导读:本文包含了纤维蛋白支架论文开题报告文献综述及选题提纲参考文献,主要关键词:神经干细胞,纤维蛋白支架,增殖,分化
纤维蛋白支架论文文献综述
孙勇,陈平波,史文涛,杨开元,毕士奇[1](2019)在《重组SHH腺病毒纤维蛋白缓释支架对神经干细胞增殖与分化的影响》一文中研究指出目的研究包含重组SHH腺病毒纤维蛋白缓释支架对神经干细胞(NSCs)增殖与分化的影响。方法实验分组:FG-SHH组(将NSCs种植于重组SHH腺病毒-支架组)和对照组(controls)[以培养板、重组SHH腺病毒转染组(SHH)、纤维蛋白胶支架组(FG)为对照组];体外分离培养并鉴定NSCs,构建重组SHH腺病毒纤维蛋白缓释支架,用免疫荧光和免疫印迹方法测定转染效率; MMT法检测细胞增殖活力;免疫荧光和免疫印迹法检测上述各组细胞表达神经细胞相关蛋白:β微管蛋白(β-tubulinⅢ)、髓磷脂碱性蛋白(MBP)和胶质纤维酸性蛋白(GFAP)的表达状态。结果体外培养的NSCs高表达nestin;转染重组SHH腺病毒后NSCs可稳定表达SHH;FG-SHH支架促NSCs增殖能力较强,并且FG-SHH组β-tubulinⅢ及MBP阳性细胞率和蛋白表达水平均高于对照组(P<0.05),FG-SHH组GFAP的阳性细胞率和蛋白表达水平低于对照组(P<0.05)。结论重组SHH腺病毒纤维蛋白缓释支架可以促进NSCs的增殖及其向神经元和少突胶质细胞分化,并抑制星形胶质细胞分化。(本文来源于《基础医学与临床》期刊2019年08期)
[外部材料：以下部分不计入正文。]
(* Let $\mathbf M$ be the Wright–Fisher matrix and $\phi(x)=x\log x$ (with $\phi(0)=0$). For every $\mathbf p\in\Delta^N$ with $\langle\mathbf u^{(1)},\mathbf p\rangle>0$, one has $E(\mathbf M\mathbf p)\le E(\mathbf p)$; consequently $n\mapsto E(\mathbf M^n\mathbf p)$ is non-increasing.
   Context: Fix $N\ge2$ and $(\mathsf s_0,\dots,\mathsf s_N)$ with $\mathsf s_0=0$, $\mathsf s_N=1$ and $0<\mathsf s_j<1$ for $1\le j\le N-1$. The Wright–Fisher matrix is $\mathbf M=(M_{ij})_{i,j=0}^N$ with $M_{ij}=\binom Ni\mathsf s_j^{\,i}(1-\mathsf s_j)^{N-i}$ (column-stochastic; probability vectors evolve by $\mathbf p\mapsto\mathbf M\mathbf p$). Its core $(M_{ij})_{i,j=1}^{N-1}$ is a positive matrix; let $\mu_1>0$ be its Perron eigenvalue and $\mathbf u^{(1)}=(u^{(1)}_i)_{i=1}^{N-1}$, $\mathbf v^{(1)}=(v^{(1)}_i)_{i=1}^{N-1}$ its positive left and right Perron eigenvectors, normalized by $\sum_iv^{(1)}_i=1$, $\sum_iu^{(1)}_iv^{(1)}_i=1$. Let $\Delta^N=\{\mathbf x\in\mathbb R^{N+1}:x_i\ge0,\sum_ix_i=1\}$, $\langle\mathbf u^{(1)},\mathbf p\rangle=\sum_{i=1}^{N-1}u^{(1)}_ip_i$, and for $\langle\mathbf u^{(1)},\mathbf p\rangle>0$, $E(\mathbf p)=\sum_{i=1}^{N-1}\phi\!\left(\frac{p_i}{v^{(1)}_i\langle\mathbf u^{(1)},\mathbf p\rangle}\right)v^{(1)}_iu^{(1)}_i$. *)

theory Defs
  imports Complex_Main
begin

text \<open>Vectors indexed by 0..N are represented as functions nat => real; only
  indices 0..N are relevant.\<close>

definition WF_entry :: "nat \<Rightarrow> (nat \<Rightarrow> real) \<Rightarrow> nat \<Rightarrow> nat \<Rightarrow> real" where
  "WF_entry N s i j = real (N choose i) * s j ^ i * (1 - s j) ^ (N - i)"

definition WF_apply :: "nat \<Rightarrow> (nat \<Rightarrow> real) \<Rightarrow> (nat \<Rightarrow> real) \<Rightarrow> (nat \<Rightarrow> real)" where
  "WF_apply N s p = (\<lambda>i. \<Sum>j = 0..N. WF_entry N s i j * p j)"

definition phi :: "real \<Rightarrow> real" where
  "phi x = (if x = 0 then 0 else x * ln x)"

definition simplex :: "nat \<Rightarrow> (nat \<Rightarrow> real) set" where
  "simplex N = {p. (\<forall>i\<le>N. 0 \<le> p i) \<and> (\<Sum>i = 0..N. p i) = 1}"

definition upair :: "nat \<Rightarrow> (nat \<Rightarrow> real) \<Rightarrow> (nat \<Rightarrow> real) \<Rightarrow> real" where
  "upair N u p = (\<Sum>i = 1..N-1. u i * p i)"

definition Efun :: "nat \<Rightarrow> (nat \<Rightarrow> real) \<Rightarrow> (nat \<Rightarrow> real) \<Rightarrow> (nat \<Rightarrow> real) \<Rightarrow> real" where
  "Efun N u v p = (\<Sum>i = 1..N-1. phi (p i / (v i * upair N u p)) * v i * u i)"

end

theory Submission
  imports Defs "HOL-Analysis.Convex"
begin

text \<open>
  Write \<open>A\<close> for the core of the Wright--Fisher matrix, \<open>I = {1..N-1}\<close>, and
  \<open>c = \<langle>u, p\<rangle>\<close>. Since \<open>u\<close> is a left Perron eigenvector, \<open>\<langle>u, A p\<rangle> = \<mu> c\<close>, and
  \<open>(A p)\<^sub>i / (v\<^sub>i \<mu> c) = \<Sum>\<^sub>j w\<^sub>i\<^sub>j q\<^sub>j\<close> with \<open>q\<^sub>j = p\<^sub>j / (v\<^sub>j c)\<close> and weights
  \<open>w\<^sub>i\<^sub>j = A\<^sub>i\<^sub>j v\<^sub>j / (\<mu> v\<^sub>i)\<close>, which form a stochastic matrix because \<open>v\<close> is a right
  Perron eigenvector. Jensen's inequality for the convex function \<open>\<phi>\<close> bounds each
  term of \<open>E(A p)\<close>, and summing against \<open>u\<^sub>i v\<^sub>i\<close> and using \<open>u\<close> once more gives back
  \<open>E(p)\<close>. The boundary columns of \<open>M\<close> vanish on the rows in \<open>I\<close> (as \<open>s\<^sub>0 = 0\<close>,
  \<open>s\<^sub>N = 1\<close>), so \<open>E(M p)\<close> only sees \<open>A\<close>; positivity of \<open>\<langle>u, M\<^sup>n p\<rangle> = \<mu>\<^sup>n c\<close> lets
  the one-step inequality be iterated.
\<close>

lemma convex_on_x_ln_x: "convex_on {0<..} (\<lambda>x::real. x * ln x)"
proof (rule convex_on_realI[where f' = "\<lambda>x. ln x + 1"])
  fix x :: real assume "x \<in> {0<..}"
  then show "((\<lambda>x. x * ln x) has_real_derivative ln x + 1) (at x)"
    by (auto intro!: derivative_eq_intros)
qed auto

lemma convex_on_phi: "convex_on {0..} phi"
proof (rule convex_on_linorderI)
  fix t x y :: real assume t: "0 < t" "t < 1" and xy: "x \<in> {0..}" "y \<in> {0..}" "x < y"
  show "phi ((1 - t) *\<^sub>R x + t *\<^sub>R y) \<le> (1 - t) * phi x + t * phi y"
  proof (cases "x = 0")
    case True
    with xy have y: "y > 0" by auto
    have "t * y * ln t \<le> 0"
      using t y by (simp add: mult_nonneg_nonpos)
    with True t y show ?thesis by (simp add: phi_def ln_mult algebra_simps)
  next
    case False
    with xy have x: "x > 0" and y: "y > 0" by auto
    with t have "(1 - t) * x + t * y > 0" by (simp add: add_pos_pos)
    with convex_onD[OF convex_on_x_ln_x, of t x y] t x y show ?thesis
      by (simp add: phi_def)
  qed
qed auto

definition mat_vec :: "'a set \<Rightarrow> ('a \<Rightarrow> 'a \<Rightarrow> real) \<Rightarrow> ('a \<Rightarrow> real) \<Rightarrow> 'a \<Rightarrow> real" where
  "mat_vec I A p = (\<lambda>i. \<Sum>j\<in>I. A i j * p j)"

definition rel_entropy :: "'a set \<Rightarrow> ('a \<Rightarrow> real) \<Rightarrow> ('a \<Rightarrow> real) \<Rightarrow> ('a \<Rightarrow> real) \<Rightarrow> real" where
  "rel_entropy I u v p = (\<Sum>i\<in>I. phi (p i / (v i * (\<Sum>k\<in>I. u k * p k))) * v i * u i)"

lemma rel_entropy_cong:
  "(\<And>i. i \<in> I \<Longrightarrow> p i = q i) \<Longrightarrow> rel_entropy I u v p = rel_entropy I u v q"
  unfolding rel_entropy_def by (simp cong: sum.cong)

lemma pairing_mat_vec_left_eigen:
  assumes "finite I" and left: "\<And>j. j \<in> I \<Longrightarrow> (\<Sum>i\<in>I. u i * A i j) = mu * u j"
  shows "(\<Sum>i\<in>I. u i * mat_vec I A p i) = mu * (\<Sum>j\<in>I. u j * p j)"
proof -
  have "(\<Sum>i\<in>I. u i * mat_vec I A p i) = (\<Sum>j\<in>I. (\<Sum>i\<in>I. u i * A i j) * p j)"
    by (simp add: mat_vec_def sum_distrib_left sum_distrib_right mult.assoc) (rule sum.swap)
  also have "\<dots> = mu * (\<Sum>j\<in>I. u j * p j)"
    by (simp add: left sum_distrib_left mult.assoc cong: sum.cong)
  finally show ?thesis .
qed

lemma rel_entropy_mat_vec_le:
  assumes I: "finite I" "I \<noteq> {}" and mu: "mu > 0"
    and A_nonneg: "\<And>i j. i \<in> I \<Longrightarrow> j \<in> I \<Longrightarrow> A i j \<ge> 0"
    and u_pos: "\<And>i. i \<in> I \<Longrightarrow> u i > 0" and v_pos: "\<And>i. i \<in> I \<Longrightarrow> v i > 0"
    and left: "\<And>j. j \<in> I \<Longrightarrow> (\<Sum>i\<in>I. u i * A i j) = mu * u j"
    and right: "\<And>i. i \<in> I \<Longrightarrow> (\<Sum>j\<in>I. A i j * v j) = mu * v i"
    and p_nonneg: "\<And>j. j \<in> I \<Longrightarrow> p j \<ge> 0" and c_pos: "(\<Sum>j\<in>I. u j * p j) > 0"
  shows "rel_entropy I u v (mat_vec I A p) \<le> rel_entropy I u v p"
proof -
  define c where "c = (\<Sum>j\<in>I. u j * p j)"
  define q where "q j = p j / (v j * c)" for j
  define w where "w i j = A i j * v j / (mu * v i)" for i j
  have pairing: "(\<Sum>k\<in>I. u k * mat_vec I A p k) = mu * c"
    unfolding c_def using pairing_mat_vec_left_eigen[OF I(1) left] .
  have c: "c > 0" using c_pos by (simp add: c_def)
  have jensen: "phi (mat_vec I A p i / (v i * (mu * c))) \<le> (\<Sum>j\<in>I. w i j * phi (q j))"
    if i: "i \<in> I" for i
  proof -
    have "mat_vec I A p i / (v i * (mu * c)) = (\<Sum>j\<in>I. w i j *\<^sub>R q j)"
      unfolding mat_vec_def sum_divide_distrib
    proof (rule sum.cong)
      fix j assume "j \<in> I"
      then show "A i j * p j / (v i * (mu * c)) = w i j *\<^sub>R q j"
        using v_pos[OF i] v_pos[of j] mu c by (simp add: w_def q_def field_simps)
    qed simp
    moreover have "(\<Sum>j\<in>I. w i j) = 1"
      using right[OF i] v_pos[OF i] mu by (simp add: w_def flip: sum_divide_distrib)
    moreover have "w i j \<ge> 0" "q j \<in> {0..}" if "j \<in> I" for j
      using A_nonneg[OF i that] v_pos[OF i] v_pos[OF that] mu p_nonneg[OF that] c
      by (simp_all add: w_def q_def)
    ultimately show ?thesis
      using convex_on_sum[OF I convex_on_phi, of "w i" q] by simp
  qed
  have "rel_entropy I u v (mat_vec I A p)
      = (\<Sum>i\<in>I. phi (mat_vec I A p i / (v i * (mu * c))) * v i * u i)"
    by (simp add: rel_entropy_def pairing)
  also have "\<dots> \<le> (\<Sum>i\<in>I. (\<Sum>j\<in>I. w i j * phi (q j)) * v i * u i)"
    using jensen u_pos v_pos by (intro sum_mono mult_right_mono) (auto intro: less_imp_le)
  also have "\<dots> = (\<Sum>i\<in>I. \<Sum>j\<in>I. (u i * A i j) * (v j * phi (q j) / mu))"
  proof (rule sum.cong)
    fix i assume "i \<in> I"
    then show "(\<Sum>j\<in>I. w i j * phi (q j)) * v i * u i
        = (\<Sum>j\<in>I. (u i * A i j) * (v j * phi (q j) / mu))"
      unfolding sum_distrib_right using v_pos[of i] mu
      by (intro sum.cong) (simp_all add: w_def field_simps)
  qed simp
  also have "\<dots> = (\<Sum>j\<in>I. (\<Sum>i\<in>I. u i * A i j) * (v j * phi (q j) / mu))"
    unfolding sum_distrib_right by (rule sum.swap)
  also have "\<dots> = rel_entropy I u v p"
    using mu by (simp add: rel_entropy_def left q_def c_def mult_ac cong: sum.cong)
  finally show ?thesis .
qed

lemma WF_entry_nonneg: "0 \<le> s j \<Longrightarrow> s j \<le> 1 \<Longrightarrow> 0 \<le> WF_entry N s i j"
  by (simp add: WF_entry_def)

lemma WF_apply_nonneg:
  "(\<And>j. j \<le> N \<Longrightarrow> 0 \<le> s j \<and> s j \<le> 1) \<Longrightarrow> (\<And>j. j \<le> N \<Longrightarrow> 0 \<le> p j)
    \<Longrightarrow> 0 \<le> WF_apply N s p i"
  unfolding WF_apply_def by (auto intro!: sum_nonneg mult_nonneg_nonneg WF_entry_nonneg)

lemma WF_apply_core:
  assumes "0 < N" "s 0 = 0" "s N = 1" and i: "i \<in> {1..N-1}"
  shows "WF_apply N s p i = mat_vec {1..N-1} (WF_entry N s) p i"
proof -
  have "{0..N} = insert 0 (insert N {1..N-1})" using \<open>0 < N\<close> by auto
  moreover have "WF_entry N s i 0 = 0" "WF_entry N s i N = 0"
    using assms by (auto simp: WF_entry_def)
  ultimately show ?thesis using \<open>0 < N\<close> by (simp add: WF_apply_def mat_vec_def)
qed

lemma Efun_eq_rel_entropy: "Efun N u v p = rel_entropy {1..N-1} u v p"
  by (simp add: Efun_def upair_def rel_entropy_def)

lemma upair_WF_apply:
  assumes "0 < N" "s 0 = 0" "s N = 1"
    and left: "\<And>j. j \<in> {1..N-1} \<Longrightarrow> (\<Sum>i = 1..N-1. u i * WF_entry N s i j) = mu * u j"
  shows "upair N u (WF_apply N s p) = mu * upair N u p"
proof -
  have "upair N u (WF_apply N s p) = (\<Sum>i = 1..N-1. u i * mat_vec {1..N-1} (WF_entry N s) p i)"
    unfolding upair_def using WF_apply_core[OF assms(1-3)] by (intro sum.cong) simp_all
  also have "\<dots> = mu * upair N u p"
    unfolding upair_def by (rule pairing_mat_vec_left_eigen[OF _ left]) simp
  finally show ?thesis .
qed

lemma Efun_WF_apply_le:
  assumes N: "2 \<le> N" and "s 0 = 0" "s N = 1"
    and "\<And>j. j \<le> N \<Longrightarrow> 0 \<le> s j \<and> s j \<le> 1"
    and "mu > 0"
    and "\<And>i. i \<in> {1..N-1} \<Longrightarrow> u i > 0" "\<And>i. i \<in> {1..N-1} \<Longrightarrow> v i > 0"
    and "\<And>j. j \<in> {1..N-1} \<Longrightarrow> (\<Sum>i = 1..N-1. u i * WF_entry N s i j) = mu * u j"
    and "\<And>i. i \<in> {1..N-1} \<Longrightarrow> (\<Sum>j = 1..N-1. WF_entry N s i j * v j) = mu * v i"
    and "\<And>j. j \<le> N \<Longrightarrow> 0 \<le> p j" and "upair N u p > 0"
  shows "Efun N u v (WF_apply N s p) \<le> Efun N u v p"
proof -
  have "Efun N u v (WF_apply N s p) = rel_entropy {1..N-1} u v (mat_vec {1..N-1} (WF_entry N s) p)"
    unfolding Efun_eq_rel_entropy using N WF_apply_core[of N s] assms(2,3)
    by (intro rel_entropy_cong) auto
  also have "\<dots> \<le> Efun N u v p"
    unfolding Efun_eq_rel_entropy using assms
    by (intro rel_entropy_mat_vec_le) (auto simp: upair_def intro: WF_entry_nonneg)
  finally show ?thesis .
qed

text \<open>\<open>E\<close> is invariant under rescaling \<open>u\<close> and \<open>v\<close>.\<close>

theorem mainTheorem10:
  fixes N :: nat and s u v p :: "nat \<Rightarrow> real" and mu :: real
  assumes N2: "N \<ge> 2"
    and s0: "s 0 = 0" and sN: "s N = 1"
    and sint: "\<forall>j. 1 \<le> j \<and> j \<le> N - 1 \<longrightarrow> 0 < s j \<and> s j < 1"
    and mu_pos: "mu > 0"
    and u_pos: "\<forall>i. 1 \<le> i \<and> i \<le> N - 1 \<longrightarrow> u i > 0"
    and v_pos: "\<forall>i. 1 \<le> i \<and> i \<le> N - 1 \<longrightarrow> v i > 0"
    and u_left: "\<forall>j. 1 \<le> j \<and> j \<le> N - 1 \<longrightarrow>
                   (\<Sum>i = 1..N-1. u i * WF_entry N s i j) = mu * u j"
    and v_right: "\<forall>i. 1 \<le> i \<and> i \<le> N - 1 \<longrightarrow>
                   (\<Sum>j = 1..N-1. WF_entry N s i j * v j) = mu * v i"
    and v_norm: "(\<Sum>i = 1..N-1. v i) = 1"
    and uv_norm: "(\<Sum>i = 1..N-1. u i * v i) = 1"
    and p_simplex: "p \<in> simplex N"
    and p_pos: "upair N u p > 0"
  shows "Efun N u v (WF_apply N s p) \<le> Efun N u v p
         \<and> decseq (\<lambda>n. Efun N u v ((WF_apply N s ^^ n) p))"
proof -
  define S where "S = {q. (\<forall>j\<le>N. 0 \<le> q j) \<and> upair N u q > 0}"
  have N: "0 < N" using N2 by simp
  have s01: "0 \<le> s j \<and> s j \<le> 1" if "j \<le> N" for j
  proof (cases "j = 0 \<or> j = N")
    case False
    with that have "1 \<le> j \<and> j \<le> N - 1" by auto
    with sint show ?thesis by fastforce
  qed (use s0 sN in auto)
  have step_S: "WF_apply N s q \<in> S" if "q \<in> S" for q
    using that s01 mu_pos upair_WF_apply[OF N s0 sN, of u mu q] u_left
    by (auto simp: S_def intro: WF_apply_nonneg)
  have step_E: "Efun N u v (WF_apply N s q) \<le> Efun N u v q" if "q \<in> S" for q
    using that u_pos v_pos u_left v_right
    by (intro Efun_WF_apply_le[OF N2 s0 sN s01 mu_pos]) (auto simp: S_def)
  have p_S: "p \<in> S" using p_simplex p_pos by (simp add: S_def simplex_def)
  have "(WF_apply N s ^^ n) p \<in> S" for n by (induction n) (auto simp: p_S step_S)
  then show ?thesis
    using step_E[OF p_S] step_E by (auto intro: decseq_SucI)
qed

end
lemma ex_int_abel_border_iff:
  "(\<exists>x y. int_abel_border u v x y) \<longleftrightarrow>
   (\<exists>k. 0 < k \<and> k < length u \<and> k < length v \<and> parikh (drop (length u - k) u) = parikh (take k v))"
proof
  assume "\<exists>x y. int_abel_border u v x y"
  then obtain x y where x: "x \<noteq> []" "strict_suffix x u" and y: "strict_prefix y v"
    and xy: "parikh x = parikh y"
    by (auto simp: int_abel_border_def parikh_eq_iff_abel_eq)
  define k where "k = length x"
  have "length y = k"
    using parikh_eq_imp_length_eq[OF xy] by (simp add: k_def)
  have "x = drop (length u - k) u"
  proof -
    have "u = take (length u - k) u @ x"
      using x(2) unfolding k_def strict_suffix_def by (blast intro: suffix_take)
    then show ?thesis
      by (metis append_take_drop_id same_append_eq)
  qed
  moreover have "y = take k v"
    using y \<open>length y = k\<close> by (auto simp: strict_prefix_def prefix_def)
  moreover have "0 < k" "k < length u" "k < length v"
    using x(1) suffix_length_less[OF x(2)] prefix_length_less[OF y] \<open>length y = k\<close>
    by (simp_all add: k_def)
  ultimately show "\<exists>k. 0 < k \<and> k < length u \<and> k < length v \<and>
      parikh (drop (length u - k) u) = parikh (take k v)"
    using xy by blast
next
  assume "\<exists>k. 0 < k \<and> k < length u \<and> k < length v \<and>
      parikh (drop (length u - k) u) = parikh (take k v)"
  then obtain k where k: "0 < k" "k < length u" "k < length v"
    and eq: "parikh (drop (length u - k) u) = parikh (take k v)"
    by blast
  have "length (drop (length u - k) u) = k"
    using k by simp
  then have "drop (length u - k) u \<noteq> []" "drop (length u - k) u \<noteq> u"
    using k by (auto simp del: length_drop)
  moreover have "take k v \<noteq> v"
    using k by simp
  ultimately have "int_abel_border u v (drop (length u - k) u) (take k v)"
    using eq by (simp add: int_abel_border_def strict_suffix_def strict_prefix_def suffix_drop
        take_is_prefix parikh_eq_iff_abel_eq)
  then show "\<exists>x y. int_abel_border u v x y"
    by blast
qed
崔学文,杨开元,杨文静,陆浩,史文涛[2](2019)在《包埋载音猬因子壳聚糖微球纤维蛋白支架对鼻黏膜来源外胚层间充质干细胞分化的影响》一文中研究指出背景:脊髓组织工程的基本思路是将体外分离培养的种子细胞种植到具有叁维结构的生物材料支架上,并加入生物活性因子保持一定浓度,构成具有生物活性的细胞-支架复合物。然而如何构建合理的细胞生长微环境以及维持生物活性因子的最佳浓度一直面临诸多问题。该实验创新性地提出了双交联缓释体系,持续稳定地释放神经营养因子,以便更好地促进种子细胞的生长与分化。目的:利用冷冻干燥法,将包载音猬因子的壳聚糖微球填充于纤维蛋白胶,构建具有叁维结构的复合生物工程支架,探讨该支架对外胚层间充质干细胞向神经元样细胞分化的影响。方法:①采用离子凝胶法制备包载音猬因子的壳聚糖微球,而后将其与纤维蛋白胶混合,冷冻干燥成型,即得到包埋载音猬因子壳聚糖微球的纤维蛋白支架,采用扫描电子显微镜观察支架微观结构和ELISA检测音猬因子缓释效果,并制备包载音猬因子的纤维蛋白支架和包载音猬因子的壳聚糖微球作为对照;②采用悬浮抗贴壁法获取外胚层间充质干细胞来源的神经球样细胞分别种植于上述支架和经多聚赖氨酸修饰的圆玻片上,加入神经诱导培养基培养。14 d后免疫荧光标记神经细胞相关蛋白β3-Tubulin、MAP-2和MBP,采用Western blot方法测定神经细胞相关蛋白表达水平。结果与结论:①扫描电子显微镜观察纤维蛋白胶经冷冻干燥后呈海绵型网状结构,载音猬因子的壳聚糖微球均匀分散在其中;②ELISA检测结果显示复合纤维蛋白支架缓释速度较为平缓且持续时间较长,形成更稳定、持续的缓释体系;③免疫荧光染色显示复合纤维蛋白支架组高表达神经细胞相关蛋白;同时,Westernblot检测结果显示复合纤维蛋白支架组表达的神经细胞相关蛋白水平明显高于其他组(P <0.05);④结果表明,壳聚糖复合纤维蛋白支架缓释效果较好,该复合支架对外胚层间充质干细胞来源神经球向神经元样细胞分化有一定的促进作用。(本文来源于《中国组织工程研究》期刊2019年29期)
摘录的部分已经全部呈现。